* [TASK DIRECTIONS]: Which lines in the data contain the word "mapsto"? Please copy each of them.

--- PROVIDED ENTRIES ---

(* Let $f\in K$ and suppose that for every strictly increasing sequence $\mathbf a$ of positive integers, $f$ has finite order with respect to $A_{\mathbf a}$ (i.e. $A_{\mathbf a}^d f=f$ for some $d\ge1$). Then there exists a strictly increasing sequence $\mathbf b$ of positive integers such that $A_{\mathbf b}f$ is quasi-symmetric.
   Context: $K$ is the ring of integer formal power series of bounded degree in $x_1,x_2,\dots$; $f\in K$ is quasi-symmetric if the coefficient of $x_{i_1}^{a_1}\cdots x_{i_k}^{a_k}$ equals that of $x_{j_1}^{a_1}\cdots x_{j_k}^{a_k}$ whenever $i_1<\dots<i_k$, $j_1<\dots<j_k$. For a strictly increasing sequence $\mathbf a=(1\le a_1<a_2<\cdots)$, $A_{\mathbf a}:K\to K$ is the algebra homomorphism substituting $x_{a_i}\mapsto x_i$ for all $i$ and every variable not of the form $x_{a_i}$ by $0$. *)

theory Defs
  imports Main
begin

text \<open>Variables are indexed from 0 (x_0, x_1, ... stands for the paper's x_1, x_2, ...).
  A monomial is an exponent vector; a series assigns an integer coefficient to each monomial.\<close>

type_synonym mon = "nat \<Rightarrow> nat"
type_synonym ser = "mon \<Rightarrow> int"

definition supp :: "mon \<Rightarrow> nat set" where
  "supp m = {i. m i \<noteq> 0}"

definition deg :: "mon \<Rightarrow> nat" where
  "deg m = (\<Sum>i\<in>supp m. m i)"

text \<open>The ring K: integer formal power series of bounded degree (only genuine monomials,
  i.e. finitely supported exponent vectors, carry nonzero coefficients).\<close>
definition inK :: "ser \<Rightarrow> bool" where
  "inK f \<longleftrightarrow> (\<exists>D. \<forall>m. f m \<noteq> 0 \<longrightarrow> finite (supp m) \<and> deg m \<le> D)"

text \<open>The substitution homomorphism A_a (a strictly increasing): x_{a i} \<mapsto> x_i, all other
  variables \<mapsto> 0. Coefficientwise: the coefficient of m in A_a f is the coefficient in f of the
  unique monomial supported on range a that is sent to m.\<close>
definition A :: "(nat \<Rightarrow> nat) \<Rightarrow> ser \<Rightarrow> ser" where
  "A a f = (\<lambda>m. f (\<lambda>j. if j \<in> range a then m (inv a j) else 0))"

definition exps :: "mon \<Rightarrow> nat list" where
  "exps m = map m (sorted_list_of_set (supp m))"

definition qsym :: "ser \<Rightarrow> bool" where
  "qsym f \<longleftrightarrow> (\<forall>m m'. finite (supp m) \<and> finite (supp m') \<and> exps m = exps m' \<longrightarrow> f m = f m')"

end

theory Submission
  imports Defs
begin

text \<open>Fix a monomial m in the first K variables. Finite order of every A_a forces f to take
  the value f(m) on the image of m under every sufficiently spaced substitution x_i |-> x_{a(i)}.
  Otherwise choose counterexamples T_1, T_2, ..., each spaced far beyond the previous one. Then
  the displacement T_{d+1}(i) - T_d(i) grows with the point T_d(i), so
  \<sigma>(x) = x + (largest displacement at a point \<le> x) is strictly increasing with \<sigma>^d = T_d
  on the first K indices, and A_\<sigma>^d f = f contradicts the choice of T_d. Both m and its
  compression to the first variables are sent to one common widely spaced monomial, so f(m)
  depends only on the exponent sequence of m: f itself is quasi-symmetric.\<close>

definition mon_map :: "(nat \<Rightarrow> nat) \<Rightarrow> mon \<Rightarrow> mon" where
  "mon_map a m = (\<lambda>j. if j \<in> range a then m (inv a j) else 0)"

lemma A_apply: "A a f m = f (mon_map a m)"
  by (simp add: A_def mon_map_def)

lemma mon_map_apply [simp]: "inj a \<Longrightarrow> mon_map a m (a i) = m i"
  by (simp add: mon_map_def)

lemma mon_map_notin_range: "j \<notin> range a \<Longrightarrow> mon_map a m j = 0"
  by (simp add: mon_map_def)

lemma mon_map_id [simp]: "mon_map (\<lambda>i. i) m = m"
  by (simp add: mon_map_def)

lemma mon_map_comp:
  assumes "inj a" "inj b"
  shows "mon_map b (mon_map a m) = mon_map (b \<circ> a) m"
proof
  fix j
  have inj_ba: "inj (b \<circ> a)" using assms by (simp add: inj_compose)
  show "mon_map b (mon_map a m) j = mon_map (b \<circ> a) m j"
  proof (cases "j \<in> range (b \<circ> a)")
    case True
    then obtain i where "j = b (a i)" by auto
    then show ?thesis using assms mon_map_apply[OF inj_ba, of m i] by simp
  next
    case False
    then have "j \<notin> range b \<or> (\<exists>k. j = b k \<and> k \<notin> range a)" by auto
    then show ?thesis using False assms by (auto simp: mon_map_notin_range)
  qed
qed

lemma A_funpow: "inj a \<Longrightarrow> (A a ^^ d) f = A (a ^^ d) f"
proof (induction d)
  case 0
  then show ?case by (simp add: fun_eq_iff A_apply)
next
  case (Suc d)
  have "(A a ^^ Suc d) f = A a (A (a ^^ d) f)" using Suc by simp
  also have "\<dots> = A (a ^^ d \<circ> a) f"
    using Suc.prems by (simp add: fun_eq_iff A_apply mon_map_comp inj_fn)
  finally show ?case by (simp only: funpow_Suc_right)
qed

lemma mon_map_cong:
  assumes "inj a" "inj b" "supp m \<subseteq> {..<K}" "\<And>i. i < K \<Longrightarrow> a i = b i"
  shows "mon_map a m = mon_map b m"
proof
  fix j
  have zero: "mon_map c m j = 0" if inj_c: "inj c" and outside: "j \<notin> c ` {..<K}" for c
  proof (cases "j \<in> range c")
    case True
    then obtain i where "j = c i" "\<not> i < K" using outside by auto
    then show ?thesis using inj_c assms(3) by (auto simp: supp_def)
  qed (simp add: mon_map_notin_range)
  have same_image: "a ` {..<K} = b ` {..<K}" using assms(4) by auto
  show "mon_map a m j = mon_map b m j"
  proof (cases "j \<in> a ` {..<K}")
    case True
    then obtain i where "i < K" "j = a i" by auto
    then show ?thesis using assms mon_map_apply[of a m i] mon_map_apply[of b m i] by simp
  qed (use zero assms same_image in metis)
qed

lemma strict_mono_extension:
  fixes pt incr :: "'a \<Rightarrow> nat"
  assumes finite_below: "\<And>x. finite {j \<in> J. pt j \<le> x}"
    and incr_mono: "\<And>j k. j \<in> J \<Longrightarrow> k \<in> J \<Longrightarrow> pt j \<le> pt k \<Longrightarrow> incr j \<le> incr k"
  obtains \<sigma> where "strict_mono \<sigma>" "\<And>j. j \<in> J \<Longrightarrow> \<sigma> (pt j) = pt j + incr j"
proof
  define S where "S x = insert 0 (incr ` {j \<in> J. pt j \<le> x})" for x
  define \<sigma> where "\<sigma> x = x + Max (S x)" for x
  have finite_S: "finite (S x)" for x using finite_below by (simp add: S_def)
  show "strict_mono \<sigma>"
  proof (rule strict_monoI)
    fix x y :: nat
    assume "x < y"
    then have "S x \<subseteq> S y" by (auto simp: S_def)
    then have "Max (S x) \<le> Max (S y)" using finite_S by (auto intro: Max_mono simp: S_def)
    then show "\<sigma> x < \<sigma> y" using \<open>x < y\<close> by (simp add: \<sigma>_def)
  qed
  fix j
  assume "j \<in> J"
  have "Max (S (pt j)) = incr j"
  proof (rule Max_eqI)
    show "incr j \<in> S (pt j)" using \<open>j \<in> J\<close> by (auto simp: S_def)
  qed (use finite_S \<open>j \<in> J\<close> incr_mono in \<open>auto simp: S_def\<close>)
  then show "\<sigma> (pt j) = pt j + incr j" by (simp add: \<sigma>_def)
qed

definition spaced :: "nat \<Rightarrow> (nat \<Rightarrow> nat) \<Rightarrow> bool" where
  "spaced N a \<longleftrightarrow> strict_mono a \<and> N \<le> a 0 \<and> (\<forall>i. a i + N \<le> a (Suc i))"

lemma spaced_gap:
  assumes "spaced N a" "i < j"
  shows "a i + N \<le> a j"
proof -
  have "a i + N \<le> a (Suc i)" using assms(1) by (simp add: spaced_def)
  also have "\<dots> \<le> a j" using assms by (simp add: spaced_def strict_mono_less_eq)
  finally show ?thesis .
qed

lemma spaced_mono: "spaced N a \<Longrightarrow> N' \<le> N \<Longrightarrow> spaced N' a"
  unfolding spaced_def by (metis add_le_mono le_refl le_trans)

lemma spaced_comp:
  assumes a: "spaced N a" and e: "strict_mono e"
  shows "spaced N (a \<circ> e)"
  unfolding spaced_def
proof (intro conjI allI)
  show "strict_mono (a \<circ> e)" using a e by (simp add: spaced_def strict_mono_def)
  show "N \<le> (a \<circ> e) 0" using a by (auto simp: spaced_def strict_mono_less_eq intro: le_trans)
  fix i
  show "(a \<circ> e) i + N \<le> (a \<circ> e) (Suc i)"
    using spaced_gap[OF a] e by (simp add: strict_mono_def)
qed

lemma spaced_linear: "spaced N (\<lambda>i. Suc N * Suc i)"
  by (simp add: spaced_def strict_mono_def add_less_le_mono)

locale spaced_tower =
  fixes T :: "nat \<Rightarrow> nat \<Rightarrow> nat" and K :: nat
  assumes tower_0: "T 0 = id"
    and tower_Suc: "spaced (2 * T d K + 1) (T (Suc d))"
begin

lemma strict_mono_T: "strict_mono (T d)"
  using tower_Suc by (cases d) (auto simp: tower_0 strict_mono_def spaced_def)

lemma T_mono: "i \<le> j \<Longrightarrow> T d i \<le> T d j"
  using strict_mono_T by (simp add: strict_mono_less_eq)

lemma T_Suc_0_ge: "2 * T d K + 1 \<le> T (Suc d) 0"
  using tower_Suc by (simp add: spaced_def)

lemma T_below_later: "d' < d \<Longrightarrow> T d' K < T d 0"
proof (induction d)
  case (Suc d)
  then have "T d' K \<le> T d K"
    using T_mono[of 0 K d] by (cases "d' = d") auto
  then show ?case using T_Suc_0_ge[of d] by simp
qed simp

lemma level_le_T: "d \<le> T d i"
proof (induction d arbitrary: i)
  case (Suc d)
  then show ?case using T_Suc_0_ge[of d] T_mono[of 0 i "Suc d"] Suc.IH[of K] by linarith
qed simp

lemma T_le_T_Suc: "i \<le> K \<Longrightarrow> T d i \<le> T (Suc d) i"
  using T_Suc_0_ge[of d] T_mono[of 0 i "Suc d"] T_mono[of i K d] by linarith

text \<open>The spacing \<open>2 * T d K + 1\<close> of level \<open>Suc d\<close> is what makes the displacement
  \<open>T (Suc d) i - T d i\<close> of the points \<open>T d i\<close> (\<open>i < K\<close>) increase with the point.\<close>
lemma displacement_mono:
  assumes "i < K" "i' < K" "T d' i' \<le> T d i"
  shows "T (Suc d') i' - T d' i' \<le> T (Suc d) i - T d i"
proof -
  have top: "T d i \<le> T d K" using assms(1) T_mono by simp
  consider "d < d'" | "d' = d" "i' = i" | "d' = d" "i' < i" | "d' < d"
    using assms(3) strict_mono_less_eq[OF strict_mono_T] by fastforce
  then show ?thesis
  proof cases
    case 1
    then have "T d i < T d' i'" using T_below_later[of d d'] top T_mono[of 0 i' d'] by linarith
    then show ?thesis using assms(3) by simp
  next
    case 3
    then have "T (Suc d) i' + (2 * T d K + 1) \<le> T (Suc d) i" using spaced_gap tower_Suc by blast
    then show ?thesis using 3 top by simp
  next
    case 4
    then have "T (Suc d') K \<le> T d K"
      using T_below_later[of "Suc d'" d] T_mono[of 0 K d] by (cases "Suc d' = d") auto
    moreover have "T (Suc d') i' \<le> T (Suc d') K" using assms(2) T_mono by simp
    moreover have "T (Suc d) 0 \<le> T (Suc d) i" using T_mono by simp
    ultimately show ?thesis using T_Suc_0_ge[of d] top by linarith
  qed simp
qed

---

* [ANSWER BOX]:
   Context: $K$ is the ring of integer formal power series of bounded degree in $x_1,x_2,\dots$; $f\in K$ is quasi-symmetric if the coefficient of $x_{i_1}^{a_1}\cdots x_{i_k}^{a_k}$ equals that of $x_{j_1}^{a_1}\cdots x_{j_k}^{a_k}$ whenever $i_1<\dots<i_k$, $j_1<\dots<j_k$. For a strictly increasing sequence $\mathbf a=(1\le a_1<a_2<\cdots)$, $A_{\mathbf a}:K\to K$ is the algebra homomorphism substituting $x_{a_i}\mapsto x_i$ for all $i$ and every variable not of the form $x_{a_i}$ by $0$. *)
text \<open>The substitution homomorphism A_a (a strictly increasing): x_{a i} \<mapsto> x_i, all other
  variables \<mapsto> 0. Coefficientwise: the coefficient of m in A_a f is the coefficient in f of the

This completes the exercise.